**THE TASK:** Your reply must contain exactly the lines running from the one with "ln_realpow abs_if ln_minus)" to the last line of the entries below, both included, and no other lines.
START RECORDS SUPPLIED
lemma differential_difference_sq_le:
  fixes X a b a' b' n :: real
  assumes X: "X \<noteq> 0" and n: "0 < n"
    and fac: "\<bar>X\<bar> = \<bar>a\<bar> powr (1 - 1/2) * \<bar>b\<bar> powr (1/2)"
    and fac': "\<bar>X\<bar> = \<bar>a'\<bar> powr (1 - 1/2) * \<bar>b'\<bar> powr (1/2)"
  shows "(X * ln (\<bar>b'\<bar> / \<bar>a'\<bar>) - (1-\<theta>) * (X * ln (\<bar>b\<bar> / \<bar>a\<bar>)) - \<theta> * (2 * X * ln (\<bar>X\<bar> / n)))\<^sup>2
     \<le> 16 * (\<bar>b'\<bar> * \<bar>a\<bar> powr (1-\<theta>) * n powr \<theta> + \<bar>a'\<bar> * \<bar>b\<bar> powr (1-\<theta>) * \<bar>X\<bar> powr (2*\<theta>) * n powr (-\<theta>))"
    (is "?D\<^sup>2 \<le> 16 * (?p + ?q)")
proof -
  \<comment> \<open>The difference is X ln (p/q) with p q = X^4, which reduces the claim to the one-variable bound.\<close>
  note ab = ln_abs_half_factorization[OF X fac] and ab' = ln_abs_half_factorization[OF X fac']
  have pq: "0 < ?p" "0 < ?q" using ab(1,2) ab'(1,2) X n by auto
  have ln_p: "ln ?p = ln \<bar>b'\<bar> + (1-\<theta>) * ln \<bar>a\<bar> + \<theta> * ln n"
    using ab(1) ab'(2) n by (simp add: ln_mult ln_powr)
  have ln_q: "ln ?q = ln \<bar>a'\<bar> + (1-\<theta>) * ln \<bar>b\<bar> + 2 * \<theta> * ln \<bar>X\<bar> - \<theta> * ln n"
    using ab(2) ab'(1) X n by (simp add: ln_mult ln_powr)
  have "ln (?p * ?q) = ln ?p + ln ?q" using pq by (rule ln_mult_pos)
  also have "\<dots> = 4 * ln \<bar>X\<bar>"
    using arg_cong[OF ab(3), of "\<lambda>t. (1-\<theta>) * t"] ab'(3)
    unfolding ln_p ln_q by (simp add: algebra_simps)
  also have "\<dots> = ln (X ^ 4)" by (simp add: ln_realpow abs_if ln_minus)
  finally have "ln (?p * ?q) = ln (X ^ 4)" .
  then have "?p * ?q = X ^ 4"
    using pq X by (subst (asm) ln_inj_iff) auto
  moreover have "?D = X * (ln ?p - ln ?q)"
    using ab(1,2) ab'(1,2) X n unfolding ln_p ln_q by (simp add: ln_div algebra_simps)
  then have "?D = X * ln (?p / ?q)" by (simp only: ln_divide_pos[OF pq])
  ultimately show ?thesis using sq_mult_ln_quotient_le[OF pq] by simp
qed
END RECORDS SUPPLIED
**SOLVED PROBLEM:**
  also have "\<dots> = ln (X ^ 4)" by (simp add: ln_realpow abs_if ln_minus)
  finally have "ln (?p * ?q) = ln (X ^ 4)" .
  then have "?p * ?q = X ^ 4"
    using pq X by (subst (asm) ln_inj_iff) auto
  moreover have "?D = X * (ln ?p - ln ?q)"
    using ab(1,2) ab'(1,2) X n unfolding ln_p ln_q by (simp add: ln_div algebra_simps)
  then have "?D = X * ln (?p / ?q)" by (simp only: ln_divide_pos[OF pq])
  ultimately show ?thesis using sq_mult_ln_quotient_le[OF pq] by simp
qed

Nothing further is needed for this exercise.